**Extracted entries:**

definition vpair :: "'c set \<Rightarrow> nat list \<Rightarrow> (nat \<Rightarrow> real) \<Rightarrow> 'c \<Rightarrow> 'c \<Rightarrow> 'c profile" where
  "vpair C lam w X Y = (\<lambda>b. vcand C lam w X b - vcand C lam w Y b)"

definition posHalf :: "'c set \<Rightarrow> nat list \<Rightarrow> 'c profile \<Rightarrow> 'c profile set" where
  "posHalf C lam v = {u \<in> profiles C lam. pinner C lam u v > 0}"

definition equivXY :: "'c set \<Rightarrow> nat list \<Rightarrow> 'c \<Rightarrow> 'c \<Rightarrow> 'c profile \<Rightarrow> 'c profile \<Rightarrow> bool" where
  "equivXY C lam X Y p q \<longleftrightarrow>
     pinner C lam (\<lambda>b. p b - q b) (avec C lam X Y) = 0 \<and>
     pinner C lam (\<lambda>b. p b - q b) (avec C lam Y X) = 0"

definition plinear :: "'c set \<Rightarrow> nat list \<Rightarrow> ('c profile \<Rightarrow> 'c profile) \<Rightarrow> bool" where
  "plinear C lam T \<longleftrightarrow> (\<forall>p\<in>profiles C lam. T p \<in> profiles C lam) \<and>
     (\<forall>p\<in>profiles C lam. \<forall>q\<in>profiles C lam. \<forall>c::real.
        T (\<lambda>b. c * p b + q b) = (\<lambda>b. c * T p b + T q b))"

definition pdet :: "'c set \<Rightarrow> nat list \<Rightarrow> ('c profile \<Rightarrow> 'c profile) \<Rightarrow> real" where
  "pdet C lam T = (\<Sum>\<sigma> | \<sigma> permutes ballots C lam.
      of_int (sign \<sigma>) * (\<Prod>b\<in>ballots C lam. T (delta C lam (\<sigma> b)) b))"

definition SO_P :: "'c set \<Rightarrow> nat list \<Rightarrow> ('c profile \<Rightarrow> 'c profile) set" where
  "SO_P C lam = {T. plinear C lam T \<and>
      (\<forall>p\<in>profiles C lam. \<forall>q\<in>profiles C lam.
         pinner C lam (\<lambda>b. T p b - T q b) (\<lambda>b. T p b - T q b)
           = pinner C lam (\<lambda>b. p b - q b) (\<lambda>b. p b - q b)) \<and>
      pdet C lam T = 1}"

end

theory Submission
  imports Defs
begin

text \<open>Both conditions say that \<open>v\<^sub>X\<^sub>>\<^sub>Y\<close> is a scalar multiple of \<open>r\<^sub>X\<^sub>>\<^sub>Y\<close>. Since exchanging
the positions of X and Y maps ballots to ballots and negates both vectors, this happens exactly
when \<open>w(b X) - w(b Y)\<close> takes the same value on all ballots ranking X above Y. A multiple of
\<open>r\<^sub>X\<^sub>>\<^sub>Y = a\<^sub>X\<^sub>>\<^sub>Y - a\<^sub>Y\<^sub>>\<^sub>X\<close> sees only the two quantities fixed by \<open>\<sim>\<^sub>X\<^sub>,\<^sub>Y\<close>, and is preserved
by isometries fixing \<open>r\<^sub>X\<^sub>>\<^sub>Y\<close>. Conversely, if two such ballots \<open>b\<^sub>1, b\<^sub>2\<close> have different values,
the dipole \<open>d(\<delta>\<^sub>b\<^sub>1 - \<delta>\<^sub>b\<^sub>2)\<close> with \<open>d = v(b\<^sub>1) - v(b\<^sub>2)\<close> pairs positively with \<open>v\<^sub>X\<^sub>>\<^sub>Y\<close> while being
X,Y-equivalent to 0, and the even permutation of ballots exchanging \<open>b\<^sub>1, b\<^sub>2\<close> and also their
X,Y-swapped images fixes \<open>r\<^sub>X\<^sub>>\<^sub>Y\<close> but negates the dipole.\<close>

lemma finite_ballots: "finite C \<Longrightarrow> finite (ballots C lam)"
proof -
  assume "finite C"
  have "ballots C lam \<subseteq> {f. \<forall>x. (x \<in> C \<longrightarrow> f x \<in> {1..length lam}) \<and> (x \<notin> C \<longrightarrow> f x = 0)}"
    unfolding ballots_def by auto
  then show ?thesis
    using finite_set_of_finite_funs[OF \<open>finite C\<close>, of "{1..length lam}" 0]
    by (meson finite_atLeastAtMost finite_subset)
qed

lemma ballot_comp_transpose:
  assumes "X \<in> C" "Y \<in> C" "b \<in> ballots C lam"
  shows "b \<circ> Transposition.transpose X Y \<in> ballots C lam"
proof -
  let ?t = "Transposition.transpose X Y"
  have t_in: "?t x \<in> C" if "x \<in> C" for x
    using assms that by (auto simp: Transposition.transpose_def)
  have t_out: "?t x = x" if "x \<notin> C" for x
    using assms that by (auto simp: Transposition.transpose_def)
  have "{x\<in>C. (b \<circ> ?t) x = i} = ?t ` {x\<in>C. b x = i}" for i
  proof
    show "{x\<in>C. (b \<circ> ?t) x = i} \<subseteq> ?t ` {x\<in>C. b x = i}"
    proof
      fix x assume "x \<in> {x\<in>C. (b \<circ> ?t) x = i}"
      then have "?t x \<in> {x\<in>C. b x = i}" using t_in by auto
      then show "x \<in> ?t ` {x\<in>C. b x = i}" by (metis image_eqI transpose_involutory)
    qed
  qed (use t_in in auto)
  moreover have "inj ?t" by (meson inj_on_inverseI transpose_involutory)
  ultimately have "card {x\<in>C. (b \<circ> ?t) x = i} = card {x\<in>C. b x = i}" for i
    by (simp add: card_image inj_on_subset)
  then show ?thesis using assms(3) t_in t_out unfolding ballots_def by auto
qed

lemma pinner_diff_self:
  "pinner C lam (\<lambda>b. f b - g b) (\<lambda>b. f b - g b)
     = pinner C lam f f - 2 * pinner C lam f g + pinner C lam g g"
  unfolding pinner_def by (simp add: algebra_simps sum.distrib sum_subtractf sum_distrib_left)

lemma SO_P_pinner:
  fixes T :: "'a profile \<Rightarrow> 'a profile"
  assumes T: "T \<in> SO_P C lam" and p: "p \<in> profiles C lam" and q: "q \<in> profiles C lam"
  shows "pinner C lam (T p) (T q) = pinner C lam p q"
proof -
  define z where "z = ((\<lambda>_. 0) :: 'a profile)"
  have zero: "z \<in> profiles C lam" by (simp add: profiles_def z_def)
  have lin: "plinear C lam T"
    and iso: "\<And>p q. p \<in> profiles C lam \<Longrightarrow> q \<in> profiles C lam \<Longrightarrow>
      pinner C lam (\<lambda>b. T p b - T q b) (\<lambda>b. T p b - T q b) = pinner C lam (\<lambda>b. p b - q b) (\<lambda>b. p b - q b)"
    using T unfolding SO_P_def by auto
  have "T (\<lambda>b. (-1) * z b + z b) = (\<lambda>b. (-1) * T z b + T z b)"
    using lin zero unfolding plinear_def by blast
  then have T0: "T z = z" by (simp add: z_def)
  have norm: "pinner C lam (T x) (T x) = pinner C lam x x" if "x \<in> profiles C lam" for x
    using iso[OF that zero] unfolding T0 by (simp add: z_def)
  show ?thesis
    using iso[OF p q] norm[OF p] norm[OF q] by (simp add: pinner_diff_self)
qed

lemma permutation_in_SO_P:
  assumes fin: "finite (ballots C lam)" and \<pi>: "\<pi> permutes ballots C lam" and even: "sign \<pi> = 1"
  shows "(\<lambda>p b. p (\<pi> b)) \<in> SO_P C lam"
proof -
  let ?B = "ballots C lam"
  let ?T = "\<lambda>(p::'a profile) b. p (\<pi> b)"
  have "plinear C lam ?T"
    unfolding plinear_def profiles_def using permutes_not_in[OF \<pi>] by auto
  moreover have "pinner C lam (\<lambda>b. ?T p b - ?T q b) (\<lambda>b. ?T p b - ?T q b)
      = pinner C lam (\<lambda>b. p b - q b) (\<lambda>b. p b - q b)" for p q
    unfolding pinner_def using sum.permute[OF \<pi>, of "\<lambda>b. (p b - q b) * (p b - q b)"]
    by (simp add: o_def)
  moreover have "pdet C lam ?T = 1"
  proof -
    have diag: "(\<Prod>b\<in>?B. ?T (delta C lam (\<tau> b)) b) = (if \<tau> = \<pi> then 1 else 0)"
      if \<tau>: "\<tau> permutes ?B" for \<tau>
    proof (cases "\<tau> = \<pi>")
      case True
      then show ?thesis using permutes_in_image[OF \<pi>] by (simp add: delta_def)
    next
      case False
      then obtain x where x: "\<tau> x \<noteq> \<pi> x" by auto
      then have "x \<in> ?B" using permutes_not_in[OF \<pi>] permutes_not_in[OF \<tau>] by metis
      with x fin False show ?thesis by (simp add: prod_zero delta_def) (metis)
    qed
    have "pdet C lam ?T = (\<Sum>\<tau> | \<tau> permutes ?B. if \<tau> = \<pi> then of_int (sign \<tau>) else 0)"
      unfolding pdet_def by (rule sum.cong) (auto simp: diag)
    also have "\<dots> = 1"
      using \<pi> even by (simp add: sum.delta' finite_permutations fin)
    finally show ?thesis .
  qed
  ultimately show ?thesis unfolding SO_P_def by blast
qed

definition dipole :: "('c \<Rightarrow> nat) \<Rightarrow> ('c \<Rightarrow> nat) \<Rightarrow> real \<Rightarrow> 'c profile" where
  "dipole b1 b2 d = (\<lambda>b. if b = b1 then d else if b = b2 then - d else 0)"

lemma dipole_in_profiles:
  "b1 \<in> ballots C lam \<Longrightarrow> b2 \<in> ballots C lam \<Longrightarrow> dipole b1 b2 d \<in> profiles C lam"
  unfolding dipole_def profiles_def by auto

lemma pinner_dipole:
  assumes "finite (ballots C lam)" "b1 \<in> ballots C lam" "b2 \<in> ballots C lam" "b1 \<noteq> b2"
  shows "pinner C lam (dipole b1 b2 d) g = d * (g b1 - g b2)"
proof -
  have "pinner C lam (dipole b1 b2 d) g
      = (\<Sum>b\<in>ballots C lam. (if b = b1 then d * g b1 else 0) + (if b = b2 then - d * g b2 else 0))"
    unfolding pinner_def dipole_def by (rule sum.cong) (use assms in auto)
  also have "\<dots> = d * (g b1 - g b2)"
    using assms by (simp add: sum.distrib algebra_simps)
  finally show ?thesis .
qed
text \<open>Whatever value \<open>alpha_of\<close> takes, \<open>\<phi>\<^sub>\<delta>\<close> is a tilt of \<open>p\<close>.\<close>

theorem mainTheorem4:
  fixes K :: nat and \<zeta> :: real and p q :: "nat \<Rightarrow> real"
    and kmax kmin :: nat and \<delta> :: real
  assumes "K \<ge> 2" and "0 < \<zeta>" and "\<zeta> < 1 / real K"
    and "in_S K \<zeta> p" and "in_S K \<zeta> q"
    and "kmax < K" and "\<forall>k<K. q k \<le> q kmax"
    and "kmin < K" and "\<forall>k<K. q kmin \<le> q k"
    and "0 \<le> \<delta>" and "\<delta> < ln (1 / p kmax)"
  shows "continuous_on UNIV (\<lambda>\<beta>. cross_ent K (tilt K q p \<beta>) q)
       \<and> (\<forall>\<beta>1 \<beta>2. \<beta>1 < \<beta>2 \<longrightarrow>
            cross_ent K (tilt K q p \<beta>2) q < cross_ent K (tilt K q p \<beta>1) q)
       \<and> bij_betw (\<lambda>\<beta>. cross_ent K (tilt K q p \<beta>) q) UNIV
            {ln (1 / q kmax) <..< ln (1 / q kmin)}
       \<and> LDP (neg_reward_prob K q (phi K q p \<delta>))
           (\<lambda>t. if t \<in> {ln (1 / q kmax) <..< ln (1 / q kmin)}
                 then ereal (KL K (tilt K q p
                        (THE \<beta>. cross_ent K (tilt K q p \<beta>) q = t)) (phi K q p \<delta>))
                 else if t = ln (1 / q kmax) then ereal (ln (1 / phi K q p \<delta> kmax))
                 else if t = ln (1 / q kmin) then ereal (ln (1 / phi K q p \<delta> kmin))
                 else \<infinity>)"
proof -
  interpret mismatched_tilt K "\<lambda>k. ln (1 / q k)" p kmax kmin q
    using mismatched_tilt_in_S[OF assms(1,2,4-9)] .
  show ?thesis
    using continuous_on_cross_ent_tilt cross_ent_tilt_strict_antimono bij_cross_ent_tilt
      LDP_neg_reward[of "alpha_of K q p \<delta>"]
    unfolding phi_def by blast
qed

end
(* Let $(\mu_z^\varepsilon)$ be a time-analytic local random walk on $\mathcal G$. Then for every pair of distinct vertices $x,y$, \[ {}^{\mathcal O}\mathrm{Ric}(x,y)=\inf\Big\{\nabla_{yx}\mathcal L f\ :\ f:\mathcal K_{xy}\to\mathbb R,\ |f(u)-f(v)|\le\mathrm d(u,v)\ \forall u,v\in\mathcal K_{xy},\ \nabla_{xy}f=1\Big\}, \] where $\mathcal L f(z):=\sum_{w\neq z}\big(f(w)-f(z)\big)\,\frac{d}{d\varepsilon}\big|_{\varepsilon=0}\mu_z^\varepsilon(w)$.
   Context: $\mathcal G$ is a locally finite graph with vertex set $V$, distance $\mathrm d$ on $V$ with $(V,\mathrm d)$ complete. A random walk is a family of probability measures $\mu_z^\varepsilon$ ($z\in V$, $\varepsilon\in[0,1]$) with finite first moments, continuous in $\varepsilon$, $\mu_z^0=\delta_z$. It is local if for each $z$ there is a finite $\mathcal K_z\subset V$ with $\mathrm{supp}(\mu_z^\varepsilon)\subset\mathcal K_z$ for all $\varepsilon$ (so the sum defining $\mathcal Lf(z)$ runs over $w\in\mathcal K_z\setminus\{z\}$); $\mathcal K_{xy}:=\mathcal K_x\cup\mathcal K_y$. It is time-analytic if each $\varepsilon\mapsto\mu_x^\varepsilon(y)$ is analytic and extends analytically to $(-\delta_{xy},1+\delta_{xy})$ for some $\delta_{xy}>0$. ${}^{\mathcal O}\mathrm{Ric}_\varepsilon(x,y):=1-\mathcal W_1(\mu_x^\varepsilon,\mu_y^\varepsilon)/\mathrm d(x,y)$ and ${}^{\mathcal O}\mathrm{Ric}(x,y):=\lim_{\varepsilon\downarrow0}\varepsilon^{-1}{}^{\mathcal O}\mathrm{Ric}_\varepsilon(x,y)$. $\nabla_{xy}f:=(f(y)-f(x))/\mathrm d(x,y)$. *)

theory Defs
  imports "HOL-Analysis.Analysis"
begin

**Work required:** Among the records above, repeat exactly the line with "C lam. \<forall>c::real.", the line with "and is preserved", and every line in between, and only those.

**Solution:**
     (\<forall>p\<in>profiles C lam. \<forall>q\<in>profiles C lam. \<forall>c::real.
        T (\<lambda>b. c * p b + q b) = (\<lambda>b. c * T p b + T q b))"

definition pdet :: "'c set \<Rightarrow> nat list \<Rightarrow> ('c profile \<Rightarrow> 'c profile) \<Rightarrow> real" where
  "pdet C lam T = (\<Sum>\<sigma> | \<sigma> permutes ballots C lam.
      of_int (sign \<sigma>) * (\<Prod>b\<in>ballots C lam. T (delta C lam (\<sigma> b)) b))"

definition SO_P :: "'c set \<Rightarrow> nat list \<Rightarrow> ('c profile \<Rightarrow> 'c profile) set" where
  "SO_P C lam = {T. plinear C lam T \<and>
      (\<forall>p\<in>profiles C lam. \<forall>q\<in>profiles C lam.
         pinner C lam (\<lambda>b. T p b - T q b) (\<lambda>b. T p b - T q b)
           = pinner C lam (\<lambda>b. p b - q b) (\<lambda>b. p b - q b)) \<and>
      pdet C lam T = 1}"

end

theory Submission
  imports Defs
begin

text \<open>Both conditions say that \<open>v\<^sub>X\<^sub>>\<^sub>Y\<close> is a scalar multiple of \<open>r\<^sub>X\<^sub>>\<^sub>Y\<close>. Since exchanging
the positions of X and Y maps ballots to ballots and negates both vectors, this happens exactly
when \<open>w(b X) - w(b Y)\<close> takes the same value on all ballots ranking X above Y. A multiple of
\<open>r\<^sub>X\<^sub>>\<^sub>Y = a\<^sub>X\<^sub>>\<^sub>Y - a\<^sub>Y\<^sub>>\<^sub>X\<close> sees only the two quantities fixed by \<open>\<sim>\<^sub>X\<^sub>,\<^sub>Y\<close>, and is preserved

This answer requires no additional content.